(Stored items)
=== Section Start ===
theorem lemma1:
  fixes P :: "'a measure" and L :: "real \<Rightarrow> 'a \<Rightarrow> real" and Lbar :: real
    and tl tu :: real and q :: "real \<Rightarrow> real" and mu :: "real measure"
    and g :: "real \<Rightarrow> real \<Rightarrow> real" and gIn :: "real \<Rightarrow> real"
  assumes P: "prob_space P"
    and q_meas: "q \<in> borel_measurable lborel" and q_nonneg: "\<And>t. 0 \<le> q t"
    and mu_def: "mu = density (restrict_space lborel {tl..tu}) (\<lambda>t. ennreal (q t))"
    and mu_prob: "prob_space mu"
    and L_meas: "\<And>t. t \<in> {tl..tu} \<Longrightarrow> L t \<in> borel_measurable P"
    and L_range: "\<And>t s. t \<in> {tl..tu} \<Longrightarrow> s \<in> space P \<Longrightarrow> L t s \<in> {0..Lbar}"
    and F_cont: "\<And>t. t \<in> {tl..tu} \<Longrightarrow> continuous_on UNIV (cdf P (L t))"
    and g_dist: "\<And>t. t \<in> {tl..tu} \<Longrightarrow> distortion (g t)"
    and gIn_dist: "distortion gIn"
  shows "\<exists>p M. 1 < p \<and>
    (\<forall>(R :: real \<Rightarrow> real \<Rightarrow> real) (pr :: real \<Rightarrow> real).
       (\<forall>t\<in>{tl..tu}. retention Lbar (R t))
       \<and> integrable mu (\<lambda>t. Uag Lbar (g t) (cdf P (L t)) (R t) (pr t))
       \<and> integrable mu (\<lambda>t. Vins Lbar gIn (cdf P (L t)) (R t) (pr t))
       \<and> (\<forall>t\<in>{tl..tu}. Uag Lbar (g t) (cdf P (L t)) (R t) (pr t) \<ge> Unone Lbar (g t) (cdf P (L t)))
       \<and> (\<integral>t. Vins Lbar gIn (cdf P (L t)) (R t) (pr t) \<partial>mu) \<ge> 0
       \<and> (\<forall>t\<in>{tl..tu}. \<forall>t'\<in>{tl..tu}.
            Uag Lbar (g t) (cdf P (L t)) (R t) (pr t) \<ge> Uag Lbar (g t) (cdf P (L t)) (R t') (pr t'))
     \<longrightarrow> (let u = (\<lambda>t. (Uag Lbar (g t) (cdf P (L t)) (R t) (pr t),
                       \<integral>s. Vins Lbar gIn (cdf P (L s)) (R s) (pr s) \<partial>mu))
          in u \<in> borel_measurable mu
             \<and> integrable mu (\<lambda>t. norm (u t) powr p)
             \<and> (\<integral>t. norm (u t) powr p \<partial>mu) powr (1 / p) \<le> M))"
proof -
  have space_mu: "space mu = {tl..tu}" unfolding mu_def by (simp add: space_restrict_space)
  then have "tl \<in> {tl..tu}" using prob_space.not_empty[OF mu_prob] by auto
  moreover obtain s where "s \<in> space P" using prob_space.not_empty[OF P] by blast
  ultimately have Lbar_nonneg: "0 \<le> Lbar" using L_range by fastforce
  show ?thesis
  proof (rule exI[of _ "2 :: real"], rule exI[of _ "2 * Lbar"], intro conjI allI impI, goal_cases)
    case 1
    show ?case by simp
  next
    case (2 R pr)
    interpret IR_IC_menu mu Lbar "\<lambda>t. cdf P (L t)" g gIn R pr
      by (intro IR_IC_menu.intro[OF mu_prob] IR_IC_menu_axioms.intro)
        (use 2 in \<open>simp_all add: Lbar_nonneg cdf_range[OF P, simplified] space_mu g_dist gIn_dist borel_measurable_integrable\<close>)
    show ?case
      unfolding Let_def
      using utility_vector_measurable
        integrable_norm_powr_of_bounded[OF utility_vector_measurable norm_utility_vector_le, of 2]
        Lp_norm_le_of_bounded[OF utility_vector_measurable norm_utility_vector_le, of 2]
      by simp
  qed
qed

end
=== Section End ===
(Activity): Write down again the exact lines running from the beginning of the data to the line containing "and tl tu :: real", with both ends included.

(Exercise output):
theorem lemma1:
  fixes P :: "'a measure" and L :: "real \<Rightarrow> 'a \<Rightarrow> real" and Lbar :: real
    and tl tu :: real and q :: "real \<Rightarrow> real" and mu :: "real measure"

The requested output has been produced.